• **Task brief**
From the records below, please repeat exactly the line that has "A \<Longrightarrow> (\<And>i.", the line that has "j = (\<Sum>i\<in>A.", and every line between them, and nothing else.

• **Record excerpts**

lemma exists_submset_of_size:
  assumes "k \<le> size M"
  obtains N where "N \<subseteq># M" "size N = k"
proof -
  obtain xs where M: "M = mset xs" by (metis ex_mset)
  have "mset (take k xs) \<subseteq># mset (take k xs @ drop k xs)"
    by (simp only: mset_append mset_subset_eq_add_left)
  then show thesis using that assms M by simp
qed

lemma rows_ge_single_length:
  assumes "\<forall>p\<in>#X. fst p = i"
  shows "rows_ge X j = (if j \<le> i then int (size X) else 0)"
proof -
  have "filter_mset (\<lambda>p. j \<le> fst p) X = (if j \<le> i then X else {#})"
    using assms by (auto simp: filter_mset_eq_conv)
  then show ?thesis by (simp add: rows_ge_def)
qed

lemma sum_filter_lengths:
  assumes "\<forall>p\<in>#Z. fst p \<in> A" "finite A"
  shows "(\<Sum>i\<in>A. filter_mset (\<lambda>p. fst p = i) Z) = Z"
proof (rule multiset_eqI)
  fix x
  have "(\<Sum>i\<in>A. count (filter_mset (\<lambda>p. fst p = i) Z) x) = (\<Sum>i\<in>A. if i = fst x then count Z x else 0)"
    by (intro sum.cong) auto
  also have "\<dots> = count Z x"
    using assms by (auto simp: not_in_iff[symmetric])
  finally show "count (\<Sum>i\<in>A. filter_mset (\<lambda>p. fst p = i) Z) x = count Z x"
    by (simp add: count_sum)
qed

lemma sum_subset_mset_mono:
  "finite A \<Longrightarrow> (\<And>i. i \<in> A \<Longrightarrow> X i \<subseteq># Y i) \<Longrightarrow> (\<Sum>i\<in>A. X i) \<subseteq># (\<Sum>i\<in>A. Y i)"
  by (induction A rule: finite_induct) (auto intro: subset_mset.add_mono)

lemma rows_ge_sum_single_lengths:
  assumes "finite A" "\<And>i. i \<in> A \<Longrightarrow> \<forall>p\<in>#Y i. fst p = i"
  shows "rows_ge (\<Sum>i\<in>A. Y i) j = (\<Sum>i\<in>A. if j \<le> i then int (size (Y i)) else 0)"
  unfolding rows_ge_sum[OF assms(1)] using assms(2)
  by (intro sum.cong refl rows_ge_single_length) auto

lemma sum_steps_from:
  fixes D :: "nat \<Rightarrow> int"
  assumes "\<forall>i\<ge>J. D i = 0" "1 \<le> j"
  shows "(\<Sum>i\<in>{1..<J}. if j \<le> i then D i - D (i + 1) else 0) = D j"
proof -
  have "(\<Sum>i\<in>{1..<J}. if j \<le> i then D i - D (i + 1) else 0) = (\<Sum>i\<in>{j..<J}. D i - D (Suc i))"
    using assms(2) by (simp add: sum.If_cases) (rule sum.cong, auto)
  also have "\<dots> = D j"
    using assms(1) sum_Suc_diff'[of j J "\<lambda>i. - D i"] by (cases "j \<le> J") (auto simp: sum_negf)
  finally show ?thesis .
qed

lemma exists_half_step:
  fixes r u :: int
  assumes "\<bar>u\<bar> \<le> r" "even (u + r)"
  obtains k :: nat where "2 * int k = r + u" "int k \<le> r"
proof -
  have "even (r + u)" using assms(2) by (simp add: add.commute)
  then obtain m where "r + u = 2 * m" by (elim evenE)
  then show thesis using that[of "nat m"] assms(1) by auto
qed

text \<open>Take \<open>k\<^sub>j\<close> of the \<open>Z\<^sub>j\<close> rows of length \<open>j\<close> of \<open>Z\<close>, where \<open>2 k\<^sub>j = Z\<^sub>j + D j - D (j + 1)\<close>.\<close>
lemma submset_with_col_diffs:
  fixes Z :: "(nat \<times> int) multiset" and D :: "nat \<Rightarrow> int"
  assumes lengths: "\<forall>p\<in>#Z. 0 < fst p \<and> fst p < J"
    and D_top: "\<forall>j\<ge>J. D j = 0"
    and steps: "\<forall>j\<ge>1. \<bar>D j - D (j + 1)\<bar> \<le> rows_eq Z j \<and> even (D j - D (j + 1) + rows_eq Z j)"
  shows "\<exists>X. X \<subseteq># Z \<and> (\<forall>j\<ge>1. 2 * rows_ge X j - rows_ge Z j = D j)"
proof -
  define level where "level i = filter_mset (\<lambda>p. fst p = i) Z" for i
  have size_level: "int (size (level i)) = rows_eq Z i" for i
    by (simp add: level_def rows_eq_def)
  have "\<exists>Y. Y \<subseteq># level j \<and> (1 \<le> j \<longrightarrow> 2 * int (size Y) = rows_eq Z j + (D j - D (j + 1)))" for j
  proof (cases "1 \<le> j")
    case True
    then have "\<bar>D j - D (j + 1)\<bar> \<le> rows_eq Z j" "even (D j - D (j + 1) + rows_eq Z j)"
      using steps by auto
    then obtain k where k: "2 * int k = rows_eq Z j + (D j - D (j + 1))" "int k \<le> rows_eq Z j"
      by (rule exists_half_step)
    then have "k \<le> size (level j)" using size_level[of j] by simp
    then obtain Y where "Y \<subseteq># level j" "size Y = k" by (rule exists_submset_of_size)
    then show ?thesis using k(1) by blast
  qed auto
  then obtain Y where Y: "\<And>j. Y j \<subseteq># level j"
    "\<And>j. 1 \<le> j \<Longrightarrow> 2 * int (size (Y j)) = rows_eq Z j + (D j - D (j + 1))"
    by metis
  have lengths_Y: "\<forall>p\<in>#Y i. fst p = i" and lengths_level: "\<forall>p\<in>#level i. fst p = i" for i
    using Y(1)[of i] by (auto simp: level_def dest: mset_subset_eqD)
  have Z_levels: "Z = (\<Sum>i\<in>{1..<J}. level i)"
    unfolding level_def using lengths by (intro sum_filter_lengths[symmetric]) auto
  define X where "X = (\<Sum>i\<in>{1..<J}. Y i)"
  have "X \<subseteq># Z"
    unfolding X_def by (subst Z_levels) (simp add: sum_subset_mset_mono Y(1))
  moreover have "2 * rows_ge X j - rows_ge Z j = D j" if "1 \<le> j" for j
  proof -
    have "rows_ge X j = (\<Sum>i\<in>{1..<J}. if j \<le> i then int (size (Y i)) else 0)"
      unfolding X_def by (rule rows_ge_sum_single_lengths[OF finite_atLeastLessThan lengths_Y])
    moreover have "rows_ge Z j = (\<Sum>i\<in>{1..<J}. if j \<le> i then rows_eq Z i else 0)"
      by (subst Z_levels, subst rows_ge_sum_single_lengths[OF finite_atLeastLessThan lengths_level])
        (intro sum.cong refl, simp add: size_level)
    ultimately have "2 * rows_ge X j - rows_ge Z j
        = (\<Sum>i\<in>{1..<J}. if j \<le> i then D i - D (i + 1) else 0)"
      by (simp add: sum_distrib_left sum_subtractf[symmetric] if_distrib Y(2) cong: if_cong)
    then show ?thesis using sum_steps_from[OF D_top that] by simp
  qed
  ultimately show ?thesis by blast
qed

• **Answer for the task**
  "finite A \<Longrightarrow> (\<And>i. i \<in> A \<Longrightarrow> X i \<subseteq># Y i) \<Longrightarrow> (\<Sum>i\<in>A. X i) \<subseteq># (\<Sum>i\<in>A. Y i)"
  by (induction A rule: finite_induct) (auto intro: subset_mset.add_mono)

lemma rows_ge_sum_single_lengths:
  assumes "finite A" "\<And>i. i \<in> A \<Longrightarrow> \<forall>p\<in>#Y i. fst p = i"
  shows "rows_ge (\<Sum>i\<in>A. Y i) j = (\<Sum>i\<in>A. if j \<le> i then int (size (Y i)) else 0)"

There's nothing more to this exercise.